(Dataset entries)
=======

(* Let $L$ be an ideal lattice and $L'\subseteq L$ a subset such that (i) $\inf A\in L'$ for every $A\subseteq L'$, and (ii) $\sup A\in L'$ for every directed $A\subseteq L'$. Define $\pi\colon L\to L'$ by $\pi(a)=\bigwedge\{a'\in L'\mid a\leq a'\}$ and on $L'$ the product $a\cdot b=\pi(ab)$. Suppose (iii) $\pi(a\pi(b))=\pi(ab)=\pi(\pi(a)b)$ for all $a,b\in L$. Then $L'$, with the partial order induced from $L$ and the product $\cdot$, is an ideal lattice.
   Context: An ideal lattice is a poset $(L,\leq)$ with an associative multiplication such that: (L1) $L$ is a complete lattice; (L2) every element is a supremum of compact elements ($a$ is compact if $a\leq\sup A$ implies $a\leq\sup A'$ for some finite $A'\subseteq A$); (L3) multiplication distributes over binary joins on both sides; (L4) $1=\sup L$ is compact and is a two-sided identity; (L5) products of compact elements are compact. *)

theory Defs
  imports Main
begin

definition is_lub_in :: "'a::order set \<Rightarrow> 'a set \<Rightarrow> 'a \<Rightarrow> bool" where
  "is_lub_in S A x \<longleftrightarrow> x \<in> S \<and> (\<forall>y\<in>A. y \<le> x) \<and> (\<forall>z\<in>S. (\<forall>y\<in>A. y \<le> z) \<longrightarrow> x \<le> z)"

definition sup_in :: "'a::order set \<Rightarrow> 'a set \<Rightarrow> 'a" where
  "sup_in S A = (THE x. is_lub_in S A x)"

definition compact_in :: "'a::order set \<Rightarrow> 'a \<Rightarrow> bool" where
  "compact_in S a \<longleftrightarrow> a \<in> S \<and>
     (\<forall>A. A \<subseteq> S \<longrightarrow> a \<le> sup_in S A \<longrightarrow> (\<exists>A'. A' \<subseteq> A \<and> finite A' \<and> a \<le> sup_in S A'))"

definition ideal_lattice_on :: "'a::order set \<Rightarrow> ('a \<Rightarrow> 'a \<Rightarrow> 'a) \<Rightarrow> bool" where
  "ideal_lattice_on S m \<longleftrightarrow>
     (\<forall>a\<in>S. \<forall>b\<in>S. m a b \<in> S) \<and>
     (\<forall>a\<in>S. \<forall>b\<in>S. \<forall>c\<in>S. m (m a b) c = m a (m b c)) \<and>
     \<comment> \<open>L1\<close>
     (\<forall>A. A \<subseteq> S \<longrightarrow> (\<exists>x. is_lub_in S A x)) \<and>
     \<comment> \<open>L2\<close>
     (\<forall>a\<in>S. \<exists>C. C \<subseteq> S \<and> (\<forall>c\<in>C. compact_in S c) \<and> a = sup_in S C) \<and>
     \<comment> \<open>L3\<close>
     (\<forall>a\<in>S. \<forall>b\<in>S. \<forall>c\<in>S.
        m a (sup_in S {b, c}) = sup_in S {m a b, m a c} \<and>
        m (sup_in S {b, c}) a = sup_in S {m b a, m c a}) \<and>
     \<comment> \<open>L4\<close>
     compact_in S (sup_in S S) \<and>
     (\<forall>a\<in>S. m (sup_in S S) a = a \<and> m a (sup_in S S) = a) \<and>
     \<comment> \<open>L5\<close>
     (\<forall>a\<in>S. \<forall>b\<in>S. compact_in S a \<longrightarrow> compact_in S b \<longrightarrow> compact_in S (m a b))"

definition directed_set :: "'a::order set \<Rightarrow> bool" where
  "directed_set A \<longleftrightarrow> A \<noteq> {} \<and> (\<forall>x\<in>A. \<forall>y\<in>A. \<exists>z\<in>A. x \<le> z \<and> y \<le> z)"

end

theory Submission
  imports Defs
begin

text \<open>The map \<open>\<pi>\<close> is the closure operator of the closure system \<open>L'\<close>, and the
supremum in \<open>L'\<close> of a set is the closure of its supremum in \<open>L\<close>. Compatibility (iii)
lets \<open>\<pi>\<close> be moved in and out of products, so associativity, distributivity and the unit
pass from \<open>L\<close> to \<open>L'\<close>. Because \<open>L'\<close> is closed under directed suprema, the closure of a
supremum is the directed supremum of the closures of its finite subsuprema; hence \<open>\<pi>\<close>
maps compact elements to compact elements, and every compact element of \<open>L'\<close> is the
closure of a compact element of \<open>L\<close> (a finite supremum of compact generators).\<close>

lemma is_lub_in_unique: "is_lub_in S A x \<Longrightarrow> is_lub_in S A y \<Longrightarrow> x = y"
  unfolding is_lub_in_def by (blast intro: order.antisym)

lemma sup_in_eqI: "is_lub_in S A x \<Longrightarrow> sup_in S A = x"
  unfolding sup_in_def using is_lub_in_unique by blast

lemma is_lub_in_UNIV_Sup: "is_lub_in (UNIV :: 'a::complete_lattice set) A (Sup A)"
  unfolding is_lub_in_def by (auto intro: Sup_upper Sup_least)

lemma sup_in_UNIV [simp]: "sup_in (UNIV :: 'a::complete_lattice set) A = Sup A"
  by (rule sup_in_eqI[OF is_lub_in_UNIV_Sup])

lemma compact_in_UNIV_iff:
  "compact_in (UNIV :: 'a::complete_lattice set) a \<longleftrightarrow>
     (\<forall>A. a \<le> Sup A \<longrightarrow> (\<exists>A'\<subseteq>A. finite A' \<and> a \<le> Sup A'))"
  unfolding compact_in_def by auto

lemma compact_in_UNIV_Sup_finite:
  fixes C :: "'a::complete_lattice set"
  assumes "finite C" and "\<forall>c\<in>C. compact_in UNIV c"
  shows "compact_in UNIV (Sup C)"
  using assms
proof (induction C rule: finite_induct)
  case empty
  show ?case unfolding compact_in_UNIV_iff by auto
next
  case (insert x F)
  show ?case unfolding compact_in_UNIV_iff
  proof (intro allI impI)
    fix A assume le: "Sup (insert x F) \<le> Sup A"
    then have "x \<le> Sup A" and "Sup F \<le> Sup A" by simp_all
    moreover have "compact_in UNIV x" and "compact_in UNIV (Sup F)" using insert by simp_all
    ultimately obtain A1 A2 where "A1 \<subseteq> A" "finite A1" "x \<le> Sup A1"
      and "A2 \<subseteq> A" "finite A2" "Sup F \<le> Sup A2"
      unfolding compact_in_UNIV_iff by meson
    then show "\<exists>A'\<subseteq>A. finite A' \<and> Sup (insert x F) \<le> Sup A'"
      by (intro exI[of _ "A1 \<union> A2"]) (auto simp: Sup_union_distrib le_supI1 le_supI2)
  qed
qed

lemma directed_set_finite_subset_bound:
  assumes "directed_set D" and "finite F" and "F \<subseteq> D"
  shows "\<exists>z\<in>D. \<forall>x\<in>F. x \<le> z"
  using assms(2,3)
proof (induction F rule: finite_induct)
  case empty
  then show ?case using assms(1) unfolding directed_set_def by blast
next
  case (insert x F)
  then obtain z where "z \<in> D" "\<forall>y\<in>F. y \<le> z" by blast
  moreover obtain w where "w \<in> D" "x \<le> w" "z \<le> w"
    using assms(1) insert.prems \<open>z \<in> D\<close> unfolding directed_set_def by blast
  ultimately show ?case by (blast intro: order_trans)
qed

lemma compact_le_directed_Sup:
  fixes c :: "'a::complete_lattice"
  assumes "compact_in UNIV c" and "directed_set D" and "c \<le> Sup D"
  shows "\<exists>d\<in>D. c \<le> d"
proof -
  obtain F where "F \<subseteq> D" "finite F" "c \<le> Sup F"
    using assms(1,3) unfolding compact_in_UNIV_iff by blast
  moreover obtain d where "d \<in> D" "\<forall>x\<in>F. x \<le> d"
    using directed_set_finite_subset_bound[OF assms(2)] \<open>finite F\<close> \<open>F \<subseteq> D\<close> by blast
  ultimately show ?thesis by (meson Sup_least order_trans)
qed

locale ideal_lattice =
  fixes m :: "'a::complete_lattice \<Rightarrow> 'a \<Rightarrow> 'a"
  assumes mult_assoc: "m (m a b) c = m a (m b c)"
    and Sup_compact_generators: "\<exists>C. (\<forall>c\<in>C. compact_in UNIV c) \<and> a = Sup C"
    and mult_sup_distrib_left: "m a (sup b c) = sup (m a b) (m a c)"
    and mult_sup_distrib_right: "m (sup b c) a = sup (m b a) (m c a)"
    and compact_top: "compact_in UNIV (top :: 'a)"
    and mult_top_left: "m top a = a"
    and mult_top_right: "m a top = a"
    and compact_mult: "compact_in UNIV a \<Longrightarrow> compact_in UNIV b \<Longrightarrow> compact_in UNIV (m a b)"

lemma ideal_lattice_on_UNIV_imp_ideal_lattice:
  assumes "ideal_lattice_on (UNIV :: 'a::complete_lattice set) m"
  shows "ideal_lattice m"
  using assms unfolding ideal_lattice_on_def ideal_lattice_def by (simp add: Sup_UNIV)

locale closure_system =
  fixes L :: "'a::complete_lattice set"
    and cl :: "'a \<Rightarrow> 'a"
  assumes Inf_closed: "A \<subseteq> L \<Longrightarrow> Inf A \<in> L"
    and cl_def: "cl a = Inf {b \<in> L. a \<le> b}"
begin

lemma cl_in: "cl a \<in> L"
  unfolding cl_def by (rule Inf_closed) auto

lemma cl_upper: "a \<le> cl a"
  unfolding cl_def by (auto intro: Inf_greatest)

lemma cl_least: "b \<in> L \<Longrightarrow> a \<le> b \<Longrightarrow> cl a \<le> b"
  unfolding cl_def by (auto intro: Inf_lower)

lemma cl_mono: "a \<le> b \<Longrightarrow> cl a \<le> cl b"
  by (rule cl_least[OF cl_in order_trans[OF _ cl_upper]])

lemma cl_ident: "a \<in> L \<Longrightarrow> cl a = a"
  by (rule order.antisym[OF cl_least[OF _ order_refl] cl_upper])

lemma top_in: "top \<in> L"
  using Inf_closed[of "{}"] by simp

lemma is_lub_in_cl_Sup: "is_lub_in L A (cl (Sup A))"
  unfolding is_lub_in_def
  by (auto intro: cl_in order_trans[OF Sup_upper cl_upper] cl_least Sup_least)

lemma sup_in_eq_cl_Sup: "sup_in L A = cl (Sup A)"
  by (rule sup_in_eqI[OF is_lub_in_cl_Sup])

lemma sup_in_self: "sup_in L L = top"
proof -
  have "Sup L = top" using Sup_upper[OF top_in] by (rule top_le)
  then show ?thesis unfolding sup_in_eq_cl_Sup using top_in by (simp add: cl_ident)
qed

lemma cl_Sup_image_cl: "cl (Sup (cl ` B)) = cl (Sup B)"
proof (rule order.antisym)
  have "cl b \<le> cl (Sup B)" if "b \<in> B" for b
    using that by (intro cl_mono Sup_upper)
  then have "Sup (cl ` B) \<le> cl (Sup B)" by (auto intro: Sup_least)
  then show "cl (Sup (cl ` B)) \<le> cl (Sup B)" by (rule cl_least[OF cl_in])
  have "Sup B \<le> Sup (cl ` B)" by (auto intro: Sup_mono cl_upper)
  then show "cl (Sup B) \<le> cl (Sup (cl ` B))" by (rule cl_mono)
qed

lemma cl_sup_cl: "cl (sup (cl a) (cl b)) = cl (sup a b)"
  using cl_Sup_image_cl[of "{a, b}"] by simp

lemma sup_in_cl_image: "Sup C \<in> L \<Longrightarrow> sup_in L (cl ` C) = Sup C"
  unfolding sup_in_eq_cl_Sup cl_Sup_image_cl by (rule cl_ident)

lemma compact_in_generators_imp_ex_compact_cl:
  assumes a: "compact_in L a" and C: "\<forall>c\<in>C. compact_in UNIV c" "a = Sup C"
  shows "\<exists>k. compact_in UNIV k \<and> a = cl k"
proof -
  have "a \<in> L" using a unfolding compact_in_def by simp
  then have "a \<le> sup_in L (cl ` C)" using C(2) sup_in_cl_image by simp
  moreover have "cl ` C \<subseteq> L" using cl_in by blast
  ultimately obtain A' where A': "A' \<subseteq> cl ` C" "finite A'" "a \<le> sup_in L A'"
    using a unfolding compact_in_def by blast
  then obtain C' where C': "C' \<subseteq> C" "finite C'" "A' = cl ` C'"
    by (meson finite_subset_image)
  have "a \<le> cl (Sup C')"
    using A'(3) unfolding C'(3) sup_in_eq_cl_Sup cl_Sup_image_cl .
  have "cl (Sup C') \<le> a"
    using C(2) C'(1) \<open>a \<in> L\<close> by (intro cl_least) (auto intro: Sup_subset_mono)
  moreover have "compact_in UNIV (Sup C')"
    using C(1) C' by (intro compact_in_UNIV_Sup_finite) auto
  ultimately show ?thesis using \<open>a \<le> cl (Sup C')\<close> by (auto intro: order.antisym)
qed

end

locale algebraic_closure_system = closure_system +
  assumes directed_Sup_closed: "A \<subseteq> L \<Longrightarrow> directed_set A \<Longrightarrow> Sup A \<in> L"
begin

lemma directed_set_cl_Sup_finite: "directed_set {cl (Sup F) |F. finite F \<and> F \<subseteq> A}"
  unfolding directed_set_def
proof (intro conjI ballI)
  show "{cl (Sup F) |F. finite F \<and> F \<subseteq> A} \<noteq> {}" by blast
  fix x y assume "x \<in> {cl (Sup F) |F. finite F \<and> F \<subseteq> A}" "y \<in> {cl (Sup F) |F. finite F \<and> F \<subseteq> A}"
  then obtain F G where "finite F" "F \<subseteq> A" "x = cl (Sup F)" "finite G" "G \<subseteq> A" "y = cl (Sup G)"
    by blast
  then show "\<exists>z\<in>{cl (Sup F) |F. finite F \<and> F \<subseteq> A}. x \<le> z \<and> y \<le> z"
    by (intro bexI[of _ "cl (Sup (F \<union> G))"]) (auto intro!: cl_mono Sup_subset_mono)
qed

=======

How to complete this task:
Looking at the data above, write out exactly the lines that start at the one containing "set) a \<longleftrightarrow>" and end at the one containing "moreover obtain w"; include both and nothing beyond.

Output of the exercise:
  "compact_in (UNIV :: 'a::complete_lattice set) a \<longleftrightarrow>
     (\<forall>A. a \<le> Sup A \<longrightarrow> (\<exists>A'\<subseteq>A. finite A' \<and> a \<le> Sup A'))"
  unfolding compact_in_def by auto

lemma compact_in_UNIV_Sup_finite:
  fixes C :: "'a::complete_lattice set"
  assumes "finite C" and "\<forall>c\<in>C. compact_in UNIV c"
  shows "compact_in UNIV (Sup C)"
  using assms
proof (induction C rule: finite_induct)
  case empty
  show ?case unfolding compact_in_UNIV_iff by auto
next
  case (insert x F)
  show ?case unfolding compact_in_UNIV_iff
  proof (intro allI impI)
    fix A assume le: "Sup (insert x F) \<le> Sup A"
    then have "x \<le> Sup A" and "Sup F \<le> Sup A" by simp_all
    moreover have "compact_in UNIV x" and "compact_in UNIV (Sup F)" using insert by simp_all
    ultimately obtain A1 A2 where "A1 \<subseteq> A" "finite A1" "x \<le> Sup A1"
      and "A2 \<subseteq> A" "finite A2" "Sup F \<le> Sup A2"
      unfolding compact_in_UNIV_iff by meson
    then show "\<exists>A'\<subseteq>A. finite A' \<and> Sup (insert x F) \<le> Sup A'"
      by (intro exI[of _ "A1 \<union> A2"]) (auto simp: Sup_union_distrib le_supI1 le_supI2)
  qed
qed

lemma directed_set_finite_subset_bound:
  assumes "directed_set D" and "finite F" and "F \<subseteq> D"
  shows "\<exists>z\<in>D. \<forall>x\<in>F. x \<le> z"
  using assms(2,3)
proof (induction F rule: finite_induct)
  case empty
  then show ?case using assms(1) unfolding directed_set_def by blast
next
  case (insert x F)
  then obtain z where "z \<in> D" "\<forall>y\<in>F. y \<le> z" by blast
  moreover obtain w where "w \<in> D" "x \<le> w" "z \<le> w"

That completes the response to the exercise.